The Seahorse Inn Gay hotelier developed first Mustang Island beach resort in 1950s, opened doors to LGBTQ guests DAVID WEBB | Contributing Writer davidwaynewebb@yahoo.com PORT ARANSAS — The Texas Gulf Coast is known for growing colorful characters, and Jack Coffman Cobb, a gay hotelier who opened Mustang Island’s first beach resort and developed its first beach apartments, still stands out as one of the most memorable almost four decades after his death.
Port Aransas is no longer the small fishing village it was when Cobb launched his resort on top of one of the beach town’s highest sand dunes in 1956.
And today, most of the newcomer residents and visitors know little of Cobb and his avant-garde hotel that featured one of the area’s first swimming pools.

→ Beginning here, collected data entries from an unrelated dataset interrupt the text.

text \<open>If \<open>n \<ge> 3m\<close>, some zero of \<open>sin (n w)\<close> lies within \<open>\<pi>/(3m)\<close> below a maximum of
  \<open>sin (m w)\<close>, where \<open>sin (m w) \<ge> cos (\<pi>/3)\<close>.\<close>
lemma sin_zero_near_sin_large:
  fixes x0 \<rho> :: real and m n :: nat
  assumes \<rho>: "\<rho> > 0" and m: "8 * pi / \<rho> \<le> m" and n: "3 * m \<le> n"
  shows "\<exists>w::real. \<bar>w - x0\<bar> \<le> \<rho> / 2 \<and> sin (n * w) = 0 \<and> 1/2 \<le> sin (m * w)"
proof -
  have "0 < 8 * pi / \<rho>" using \<rho> by simp
  hence m0: "real m > 0" using m by linarith
  hence n0: "real n > 0" using n by linarith
  obtain y :: real where y: "x0 \<le> y" "y \<le> x0 + 2 * pi / m" "sin (m * y) = 1"
    using exists_sin_eq_1_above[OF m0] by blast
  obtain w :: real where w: "y - pi / n \<le> w" "w \<le> y" "sin (n * w) = 0"
    using exists_sin_eq_0_below[OF n0] by blast
  have "2 * pi / m \<le> \<rho> / 4" using m m0 \<rho> by (simp add: field_simps)
  moreover have "pi / n \<le> pi / (3 * m)" using n m0 by (intro divide_left_mono) auto
  moreover have "pi / (3 * m) \<le> 2 * pi / m" using m0 by (simp add: field_simps)
  ultimately have close: "\<bar>w - x0\<bar> \<le> \<rho> / 2" using y w by linarith
  have "cos (m * y) = 0" using y(3) sin_cos_squared_add[of "m * y"] by simp
  hence "sin (m * w) = cos (m * (y - w))"
    using sin_diff[of "m * y" "m * (y - w)"] y(3) by (simp add: algebra_simps)
  moreover have "m * (y - w) \<le> pi / 3"
    using mult_left_mono[OF _ less_imp_le[OF m0], of "y - w" "pi / (3 * m)"]
      \<open>pi / n \<le> pi / (3 * m)\<close> w m0 by simp
  hence "cos (pi / 3) \<le> cos (m * (y - w))"
    using w m0 by (intro cos_monotone_0_pi_le) auto
  ultimately have "1/2 \<le> sin (m * w)" by (simp add: cos_60)
  with close w(3) show ?thesis by blast
qed

lemma chordal_not_close_to_0_and_large:
  assumes y0: "chordal (Some 0) y < 1/4" and ya: "chordal (Some a) y < 1/4" and a: "cmod a \<ge> 10"
  shows False
proof (cases y)
  case None
  thus False using y0 by simp
next
  case (Some x)
  have sqrt_le: "sqrt (1 + (cmod v)\<^sup>2) \<le> 1 + cmod v" for v :: complex
    by (rule real_le_lsqrt) (auto simp: power2_eq_square algebra_simps)
  have "cmod x / sqrt (1 + (cmod x)\<^sup>2) < 1/4" using y0 Some by simp
  hence "cmod x < 1/4 * sqrt (1 + (cmod x)\<^sup>2)"
    by (simp add: divide_less_eq add_pos_nonneg)
  hence x: "cmod x < 1/3" using sqrt_le[of x] by linarith
  have "sqrt (1 + (cmod a)\<^sup>2) * sqrt (1 + (cmod x)\<^sup>2) \<le> (1 + cmod a) * 2"
    using sqrt_le[of a] sqrt_le[of x] x by (intro mult_mono) auto
  also have "\<dots> \<le> 4 * (cmod a - cmod x)" using a x by simp
  also have "\<dots> \<le> 4 * cmod (a - x)" using norm_triangle_ineq2[of a x] by simp
  moreover have "0 < sqrt (1 + (cmod a)\<^sup>2) * sqrt (1 + (cmod x)\<^sup>2)"
    by (intro mult_pos_pos) (simp_all add: add_pos_nonneg)
  ultimately have "1/4 \<le> cmod (a - x) / (sqrt (1 + (cmod a)\<^sup>2) * sqrt (1 + (cmod x)\<^sup>2))"
    by (simp add: le_divide_eq)
  thus False using ya Some by simp
qed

But old-timers well remember him and the hotel he christened the Seahorse Inn which featured an elegant restaurant and bar. They also recall with a shudder the grisly murder of Cobb’s life partner and heir, Michael Robert, in 1996 that led to the resort’s demise 11 years after the developer’s death. (You can read about that online at DallasVoice.com/a-man-and-a-murder-remembered.) Jack Cobb with a friend at Seahorse Inn In the beginning When the Seahorse Inn first opened, its flamboyant operator and the guests he sought out from the arts world — many of whom were gay — quickly became a topic of gossip and speculation about wild parties and bizarre behavior.